How to complete this task - Below are some records; quote exactly the lines from the one that contains "with Suc.prems have" through the one that contains "using IH(1) d d_range by simp_all", inclusive, and no others.

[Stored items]
+++++
theorem lemma7:
  fixes V :: "'a set" and A :: "('a \<times> 'a) set" and q :: "'a \<Rightarrow> real"
    and sel :: "'a set \<Rightarrow> 'a" and Vp :: "'a set" and Ap :: "('a \<times> 'a) set"
  assumes "finite V"
    and "A \<subseteq> V \<times> V"
    and "\<forall>x. (x, x) \<notin> A"
    and "\<forall>S. is_leaf_scc V A S \<longrightarrow> sel S \<in> S \<and> q (sel S) = Min (q ` S)"
    and "(Vp, Ap) = prune V A sel"
  shows "Vp = V \<and> Ap \<subseteq> A \<and>
    (\<Sum>i\<in>{i \<in> Vp. \<exists>l \<in> leaves Vp Ap. is_pred Ap i l}. q i)
      = (\<Sum>k\<in>V. q k) - (\<Sum>i\<in>leaves V A. q i)
        - (\<Sum>S\<in>{S. is_leaf_scc V A S}. Min (q ` S))"
proof -
  have Vp: "Vp = V" and Ap: "Ap = pruned_arcs V A sel"
    using assms(5) unfolding prune_eq by simp_all
  have sel_mem: "\<And>S. is_leaf_scc V A S \<Longrightarrow> sel S \<in> S" using assms(4) by blast
  have Ap_sub: "Ap \<subseteq> A" unfolding Ap by (rule pruned_arcs_subset)
  have removed: "\<And>a b. (a, b) \<in> A \<Longrightarrow> (a, b) \<notin> Ap \<Longrightarrow> a \<in> leaves V Ap"
    unfolding Ap using assms(2) by (rule pruned_arcs_removed_from_leaf)
  have "leaves V Ap = leaves V A \<union> sel ` {S. is_leaf_scc V A S}"
    unfolding Ap using assms(2) sel_mem by (rule leaves_pruned_arcs)
  then have leaf_in_scc: "\<And>S. is_leaf_scc V A S \<Longrightarrow> S \<inter> leaves V Ap \<noteq> {}"
    using sel_mem by blast
  have "{i \<in> V. \<exists>l \<in> leaves V Ap. is_pred Ap i l} = V - leaves V Ap"
    by (rule pred_of_leaf_set_eq, rule non_leaf_is_pred_of_leaf[OF assms(1-3) Ap_sub removed leaf_in_scc])
  then have "(\<Sum>i\<in>{i \<in> Vp. \<exists>l \<in> leaves Vp Ap. is_pred Ap i l}. q i)
      = (\<Sum>k\<in>V. q k) - (\<Sum>i\<in>leaves V Ap. q i)"
    using Vp assms(1) by (simp add: sum_diff leaves_def)
  also have "(\<Sum>i\<in>leaves V Ap. q i)
      = (\<Sum>i\<in>leaves V A. q i) + (\<Sum>S\<in>{S. is_leaf_scc V A S}. q (sel S))"
    unfolding Ap using assms(1,2) sel_mem by (rule sum_leaves_pruned_arcs)
  also have "(\<Sum>S\<in>{S. is_leaf_scc V A S}. q (sel S)) = (\<Sum>S\<in>{S. is_leaf_scc V A S}. Min (q ` S))"
    using assms(4) by simp
  finally show ?thesis using Vp Ap_sub by simp
qed
lemma link_snoc:
  assumes "k < length S"
  shows "link (S @ [q]) k = link S k"
proof -
  have "k - 1 < length S" "k - 2 < length S"
    using assms by arith+
  with assms have "(S @ [q]) ! k = S ! k" "(S @ [q]) ! (k - 1) = S ! (k - 1)"
      "(S @ [q]) ! (k - 2) = S ! (k - 2)"
    by (simp_all add: nth_append)
  then show ?thesis
    unfolding link_def by (simp only:)
qed

lemma link_drop:
  assumes "2 \<le> j" "j < length (drop a L)"
  shows "link (drop a L) j = link L (a + j)"
proof -
  have idx: "a + (j - 1) = a + j - 1" "a + (j - 2) = a + j - 2"
    using assms(1) by arith+
  have "a \<le> length L"
    using assms(2) by simp
  then have "drop a L ! j = L ! (a + j)" "drop a L ! (j - 1) = L ! (a + j - 1)"
      "drop a L ! (j - 2) = L ! (a + j - 2)"
    by (simp_all only: nth_drop idx)
  then show ?thesis
    unfolding link_def by (simp only:)
qed

lemma ZC1_snoc_bounds:
  assumes chain: "is_polyomino_chain (S @ [q])" and len: "length S = n" and n: "3 \<le> n"
  obtains d where "int (ZC1 (S @ [q])) = int (ZC1 S) + d"
    and "link (S @ [q]) n = 1 \<Longrightarrow> 32 \<le> d \<and> d \<le> 38"
    and "link (S @ [q]) n = 2 \<Longrightarrow> 44 \<le> d \<and> d \<le> max_increment (Suc n)"
    and "\<forall>k. 2 \<le> k \<and> k < Suc n \<longrightarrow> link (S @ [q]) k = 1 \<Longrightarrow> d = 32"
    and "\<forall>k. 2 \<le> k \<and> k < Suc n \<longrightarrow> link (S @ [q]) k = 2 \<Longrightarrow> d = max_increment (Suc n)"
proof -
  define W where "W = drop (n - 6) (S @ [q])"
  have len_W: "length W = Suc n - (n - 6)" "4 \<le> length W" "length W \<le> 7"
    using len n by (auto simp: W_def)
  have link_W: "link W j = link (S @ [q]) (n - 6 + j)" if "2 \<le> j" "j < length W" for j
    using link_drop[of j "n - 6" "S @ [q]"] that by (simp add: W_def)
  have "int (ZC1 (S @ [q])) = int (ZC1 S) + ZC1_increment W"
    using ZC1_snoc[OF chain] ZC1_increment_window[OF chain] len n by (simp add: W_def)
  moreover have "increment_bounded W"
    using increment_bounded_window[OF chain_drop[OF chain]] len_W by (simp add: W_def)
  moreover have "link W (length W - 1) = link (S @ [q]) n"
  proof -
    have "2 \<le> length W - 1" "length W - 1 < length W" "n - 6 + (length W - 1) = n"
      using len_W n by arith+
    with link_W show ?thesis
      by simp
  qed
  moreover have "max_increment (length W) = max_increment (Suc n)"
    using len_W n by (auto simp: max_increment_def)
  moreover have "\<forall>k\<in>{2..<length W}. link W k = v"
    if "\<forall>k. 2 \<le> k \<and> k < Suc n \<longrightarrow> link (S @ [q]) k = v" for v
  proof
    fix k assume "k \<in> {2..<length W}"
    with that link_W[of k] len_W show "link W k = v"
      by auto
  qed
  ultimately show thesis
    by (intro that[of "ZC1_increment W"]) (auto simp: increment_bounded_def Let_def)
qed

definition ZC1_max :: "nat \<Rightarrow> int" where
  "ZC1_max n = (if n = 3 then 62 else 50 * int n - 92)"

lemma ZC1_bounds:
  assumes "3 \<le> n" "is_polyomino_chain S" "length S = n"
  shows "32 * int n - 44 \<le> int (ZC1 S) \<and> int (ZC1 S) \<le> ZC1_max n
    \<and> (int (ZC1 S) = 32 * int n - 44 \<longleftrightarrow> (\<forall>k. 2 \<le> k \<and> k < n \<longrightarrow> link S k = 1))
    \<and> (int (ZC1 S) = ZC1_max n \<longleftrightarrow> (\<forall>k. 2 \<le> k \<and> k < n \<longrightarrow> link S k = 2))"
  using assms
proof (induction n arbitrary: S rule: nat_induct_at_least)
  case base
  have "(\<forall>k. 2 \<le> k \<and> k < 3 \<longrightarrow> link S k = v) \<longleftrightarrow> link S 2 = v" for v
    by (auto simp: numeral_3_eq_3 numeral_2_eq_2 le_less_Suc_eq)
  with base ZC1_length_3[of S] link_cases[of S 2] show ?case
    by (auto simp: ZC1_max_def)
next
  case (Suc n S')
  then obtain S q where S': "S' = S @ [q]"
    by (metis append_butlast_last_id list.size(3) nat.distinct(1))
  with Suc.prems have chain: "is_polyomino_chain (S @ [q])" and len: "length S = n"
    by simp_all
  with Suc.IH have IH:
    "32 * int n - 44 \<le> int (ZC1 S)" "int (ZC1 S) \<le> ZC1_max n"
    "int (ZC1 S) = 32 * int n - 44 \<longleftrightarrow> (\<forall>k. 2 \<le> k \<and> k < n \<longrightarrow> link S k = 1)"
    "int (ZC1 S) = ZC1_max n \<longleftrightarrow> (\<forall>k. 2 \<le> k \<and> k < n \<longrightarrow> link S k = 2)"
    using chain_take[OF chain, of n] by simp_all
  obtain d where d: "int (ZC1 (S @ [q])) = int (ZC1 S) + d"
    and straight: "link (S @ [q]) n = 1 \<Longrightarrow> 32 \<le> d \<and> d \<le> 38"
    and turn: "link (S @ [q]) n = 2 \<Longrightarrow> 44 \<le> d \<and> d \<le> max_increment (Suc n)"
    and all_straight: "\<forall>k. 2 \<le> k \<and> k < Suc n \<longrightarrow> link (S @ [q]) k = 1 \<Longrightarrow> d = 32"
    and all_turn: "\<forall>k. 2 \<le> k \<and> k < Suc n \<longrightarrow> link (S @ [q]) k = 2 \<Longrightarrow> d = max_increment (Suc n)"
    using ZC1_snoc_bounds[OF chain len Suc.hyps] by blast
  have links: "(\<forall>k. 2 \<le> k \<and> k < Suc n \<longrightarrow> link (S @ [q]) k = v) \<longleftrightarrow>
      (\<forall>k. 2 \<le> k \<and> k < n \<longrightarrow> link S k = v) \<and> link (S @ [q]) n = v" for v
    using link_snoc[of _ S q] len Suc.hyps by (auto simp: less_Suc_eq)
  have max_step: "ZC1_max (Suc n) = ZC1_max n + max_increment (Suc n)"
    using Suc.hyps by (simp add: ZC1_max_def max_increment_def)
  have d_range: "32 \<le> d" "d \<le> max_increment (Suc n)"
    using link_cases[of "S @ [q]" n] straight turn by (auto simp: max_increment_def)
  show ?case
    unfolding S'
  proof (intro conjI)
    show "32 * int (Suc n) - 44 \<le> int (ZC1 (S @ [q]))" "int (ZC1 (S @ [q])) \<le> ZC1_max (Suc n)"
      using IH(1,2) d d_range max_step by simp_all
    show "int (ZC1 (S @ [q])) = 32 * int (Suc n) - 44
        \<longleftrightarrow> (\<forall>k. 2 \<le> k \<and> k < Suc n \<longrightarrow> link (S @ [q]) k = 1)"
    proof
      assume "int (ZC1 (S @ [q])) = 32 * int (Suc n) - 44"
      then have "int (ZC1 S) = 32 * int n - 44" "d = 32"
        using IH(1) d d_range by simp_all
      moreover from \<open>d = 32\<close> turn have "link (S @ [q]) n \<noteq> 2"
        by auto
      ultimately show "\<forall>k. 2 \<le> k \<and> k < Suc n \<longrightarrow> link (S @ [q]) k = 1"
        using IH(3) links[of 1] link_cases[of "S @ [q]" n] by blast
    next
      assume all: "\<forall>k. 2 \<le> k \<and> k < Suc n \<longrightarrow> link (S @ [q]) k = 1"
      then have "int (ZC1 S) = 32 * int n - 44"
        using IH(3) links[of 1] by blast
      with all_straight[OF all] d show "int (ZC1 (S @ [q])) = 32 * int (Suc n) - 44"
        by simp
    qed
    show "int (ZC1 (S @ [q])) = ZC1_max (Suc n)
        \<longleftrightarrow> (\<forall>k. 2 \<le> k \<and> k < Suc n \<longrightarrow> link (S @ [q]) k = 2)"
    proof
      assume "int (ZC1 (S @ [q])) = ZC1_max (Suc n)"
      then have "int (ZC1 S) = ZC1_max n" "d = max_increment (Suc n)"
        using IH(2) d d_range max_step by simp_all
      moreover from \<open>d = max_increment (Suc n)\<close> straight have "link (S @ [q]) n \<noteq> 1"
        by (auto simp: max_increment_def split: if_split_asm)
      ultimately show "\<forall>k. 2 \<le> k \<and> k < Suc n \<longrightarrow> link (S @ [q]) k = 2"
        using IH(4) links[of 2] link_cases[of "S @ [q]" n] by blast
    next
      assume all: "\<forall>k. 2 \<le> k \<and> k < Suc n \<longrightarrow> link (S @ [q]) k = 2"
      then have "int (ZC1 S) = ZC1_max n"
        using IH(4) links[of 2] by blast
      with all_turn[OF all] d max_step show "int (ZC1 (S @ [q])) = ZC1_max (Suc n)"
        by simp
    qed
  qed
qed

lemma length_Li: "length (Li n) = n"
  by (simp add: Li_def)

lemma nth_Li: "i < n \<Longrightarrow> Li n ! i = (int i, 0)"
  by (simp add: Li_def)

lemma chain_Li: "is_polyomino_chain (Li n)"
  unfolding is_polyomino_chain_def length_Li by (auto simp: nth_Li)

lemma link_Li: "2 \<le> k \<Longrightarrow> k < n \<Longrightarrow> link (Li n) k = 1"
  by (simp add: link_def nth_Li of_nat_diff)

lemma length_Zz: "length (Zz n) = n"
  by (simp add: Zz_def)

lemma nth_Zz: "i < n \<Longrightarrow> Zz n ! i = (int ((i + 1) div 2), int (i div 2))"
  by (simp add: Zz_def)

lemma nth_Zz_even: "2 * t < n \<Longrightarrow> Zz n ! (2 * t) = (int t, int t)"
proof -
  assume "2 * t < n"
  moreover have "(2 * t + 1) div 2 = t" "2 * t div 2 = t"
    by presburger+
  ultimately show ?thesis
    by (simp only: nth_Zz)
qed

lemma nth_Zz_odd: "2 * t + 1 < n \<Longrightarrow> Zz n ! (2 * t + 1) = (int t + 1, int t)"
proof -
  assume "2 * t + 1 < n"
  moreover have "(2 * t + 1 + 1) div 2 = t + 1" "(2 * t + 1) div 2 = t"
    by presburger+
  ultimately show ?thesis
    by (simp only: nth_Zz of_nat_add of_nat_1)
qed

lemma nat_even_odd_cases:
  fixes i :: nat
  obtains t where "i = 2 * t" | t where "i = 2 * t + 1"
  by (cases "even i") (auto elim: evenE oddE)

lemma chain_Zz: "is_polyomino_chain (Zz n)"
  unfolding is_polyomino_chain_def length_Zz
proof (intro conjI allI impI)
  fix i assume i: "Suc i < n"
  show "\<bar>fst (Zz n ! i) - fst (Zz n ! Suc i)\<bar> + \<bar>snd (Zz n ! i) - snd (Zz n ! Suc i)\<bar> = 1"
  proof (cases i rule: nat_even_odd_cases)
    case (1 t)
    with i nth_Zz_even[of t n] nth_Zz_odd[of t n] show ?thesis
      by simp
  next
    case (2 t)
    with i nth_Zz_odd[of t n] nth_Zz_even[of "t + 1" n] show ?thesis
      by simp
  qed
next
  fix i j assume ij: "i + 2 = j \<and> j < n"
  then show "Zz n ! i \<noteq> Zz n ! j"
  proof (cases i rule: nat_even_odd_cases)
    case (1 t)
    with ij nth_Zz_even[of t n] nth_Zz_even[of "t + 1" n] show ?thesis
      by simp
  next
    case (2 t)
    with ij nth_Zz_odd[of t n] nth_Zz_odd[of "t + 1" n] show ?thesis
      by simp
  qed
next
  fix i j assume ij: "i + 3 \<le> j \<and> j < n"
  define a where "a = int ((j + 1) div 2) - int ((i + 1) div 2)"
  define b where "b = int (j div 2) - int (i div 2)"
  have "(i + 1) div 2 \<le> (j + 1) div 2" "i div 2 \<le> j div 2"
    using ij by (simp_all add: div_le_mono)
  moreover have "(j + 1) div 2 + j div 2 = j" "(i + 1) div 2 + i div 2 = i"
    by presburger+
  ultimately have "0 \<le> a" "0 \<le> b" "3 \<le> a + b"
    using ij unfolding a_def b_def by linarith+
  moreover have "fst (Zz n ! i) - fst (Zz n ! j) = - a" "snd (Zz n ! i) - snd (Zz n ! j) = - b"
    using ij by (simp_all add: nth_Zz a_def b_def)
  ultimately show "2 \<le> max \<bar>fst (Zz n ! i) - fst (Zz n ! j)\<bar> \<bar>snd (Zz n ! i) - snd (Zz n ! j)\<bar>"
    by (simp add: max_def)
qed

lemma link_Zz:
  assumes "2 \<le> k" "k < n"
  shows "link (Zz n) k = 2"
proof (cases k rule: nat_even_odd_cases)
  case (1 t)
  with assms have "t \<noteq> 0" "k - 1 = 2 * (t - 1) + 1" "k - 2 = 2 * (t - 1)"
    by auto
  with 1 assms nth_Zz_even[of t n] nth_Zz_odd[of "t - 1" n] nth_Zz_even[of "t - 1" n] show ?thesis
    by (simp add: link_def of_nat_diff)
next
  case (2 t)
  with assms have "t \<noteq> 0" "k - 1 = 2 * t" "k - 2 = 2 * (t - 1) + 1"
    by auto
  with 2 assms nth_Zz_odd[of t n] nth_Zz_even[of t n] nth_Zz_odd[of "t - 1" n] show ?thesis
    by (simp add: link_def of_nat_diff)
qed

theorem proposition1:
  fixes n :: nat and S :: "square list"
  assumes "n \<ge> 3" and "is_polyomino_chain S" and "length S = n"
  shows "ZC1 (Li n) \<le> ZC1 S \<and> ZC1 S \<le> ZC1 (Zz n)
    \<and> (ZC1 S = ZC1 (Li n) \<longleftrightarrow> (\<forall>k. 2 \<le> k \<and> k < n \<longrightarrow> link S k = 1))
    \<and> (ZC1 S = ZC1 (Zz n) \<longleftrightarrow> (\<forall>k. 2 \<le> k \<and> k < n \<longrightarrow> link S k = 2))
    \<and> ZC1 (Li n) = 32 * n - 44
    \<and> (n \<ge> 4 \<longrightarrow> ZC1 (Zz n) = 50 * n - 92)"
proof -
  have S: "32 * int n - 44 \<le> int (ZC1 S)" "int (ZC1 S) \<le> ZC1_max n"
    "int (ZC1 S) = 32 * int n - 44 \<longleftrightarrow> (\<forall>k. 2 \<le> k \<and> k < n \<longrightarrow> link S k = 1)"
    "int (ZC1 S) = ZC1_max n \<longleftrightarrow> (\<forall>k. 2 \<le> k \<and> k < n \<longrightarrow> link S k = 2)"
    using ZC1_bounds[OF assms] by blast+
  have Li: "int (ZC1 (Li n)) = 32 * int n - 44"
    using ZC1_bounds[OF assms(1) chain_Li length_Li] link_Li by blast
  have Zz: "int (ZC1 (Zz n)) = ZC1_max n"
    using ZC1_bounds[OF assms(1) chain_Zz length_Zz] link_Zz by blast
  have "ZC1 (Li n) = 32 * n - 44"
    using Li assms(1) by linarith
  moreover have "ZC1 (Zz n) = 50 * n - 92" if "4 \<le> n"
    using Zz that by (simp add: ZC1_max_def)
  moreover have "ZC1 (Li n) \<le> ZC1 S" "ZC1 S \<le> ZC1 (Zz n)"
    using S(1,2) Li Zz by linarith+
  moreover have "ZC1 S = ZC1 (Li n) \<longleftrightarrow> (\<forall>k. 2 \<le> k \<and> k < n \<longrightarrow> link S k = 1)"
    unfolding S(3)[symmetric] Li[symmetric] by simp
  moreover have "ZC1 S = ZC1 (Zz n) \<longleftrightarrow> (\<forall>k. 2 \<le> k \<and> k < n \<longrightarrow> link S k = 2)"
    unfolding S(4)[symmetric] Zz[symmetric] by simp
  ultimately show ?thesis
    by blast
qed

end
+++++
Solution to this problem -
  with Suc.prems have chain: "is_polyomino_chain (S @ [q])" and len: "length S = n"
    by simp_all
  with Suc.IH have IH:
    "32 * int n - 44 \<le> int (ZC1 S)" "int (ZC1 S) \<le> ZC1_max n"
    "int (ZC1 S) = 32 * int n - 44 \<longleftrightarrow> (\<forall>k. 2 \<le> k \<and> k < n \<longrightarrow> link S k = 1)"
    "int (ZC1 S) = ZC1_max n \<longleftrightarrow> (\<forall>k. 2 \<le> k \<and> k < n \<longrightarrow> link S k = 2)"
    using chain_take[OF chain, of n] by simp_all
  obtain d where d: "int (ZC1 (S @ [q])) = int (ZC1 S) + d"
    and straight: "link (S @ [q]) n = 1 \<Longrightarrow> 32 \<le> d \<and> d \<le> 38"
    and turn: "link (S @ [q]) n = 2 \<Longrightarrow> 44 \<le> d \<and> d \<le> max_increment (Suc n)"
    and all_straight: "\<forall>k. 2 \<le> k \<and> k < Suc n \<longrightarrow> link (S @ [q]) k = 1 \<Longrightarrow> d = 32"
    and all_turn: "\<forall>k. 2 \<le> k \<and> k < Suc n \<longrightarrow> link (S @ [q]) k = 2 \<Longrightarrow> d = max_increment (Suc n)"
    using ZC1_snoc_bounds[OF chain len Suc.hyps] by blast
  have links: "(\<forall>k. 2 \<le> k \<and> k < Suc n \<longrightarrow> link (S @ [q]) k = v) \<longleftrightarrow>
      (\<forall>k. 2 \<le> k \<and> k < n \<longrightarrow> link S k = v) \<and> link (S @ [q]) n = v" for v
    using link_snoc[of _ S q] len Suc.hyps by (auto simp: less_Suc_eq)
  have max_step: "ZC1_max (Suc n) = ZC1_max n + max_increment (Suc n)"
    using Suc.hyps by (simp add: ZC1_max_def max_increment_def)
  have d_range: "32 \<le> d" "d \<le> max_increment (Suc n)"
    using link_cases[of "S @ [q]" n] straight turn by (auto simp: max_increment_def)
  show ?case
    unfolding S'
  proof (intro conjI)
    show "32 * int (Suc n) - 44 \<le> int (ZC1 (S @ [q]))" "int (ZC1 (S @ [q])) \<le> ZC1_max (Suc n)"
      using IH(1,2) d d_range max_step by simp_all
    show "int (ZC1 (S @ [q])) = 32 * int (Suc n) - 44
        \<longleftrightarrow> (\<forall>k. 2 \<le> k \<and> k < Suc n \<longrightarrow> link (S @ [q]) k = 1)"
    proof
      assume "int (ZC1 (S @ [q])) = 32 * int (Suc n) - 44"
      then have "int (ZC1 S) = 32 * int n - 44" "d = 32"
        using IH(1) d d_range by simp_all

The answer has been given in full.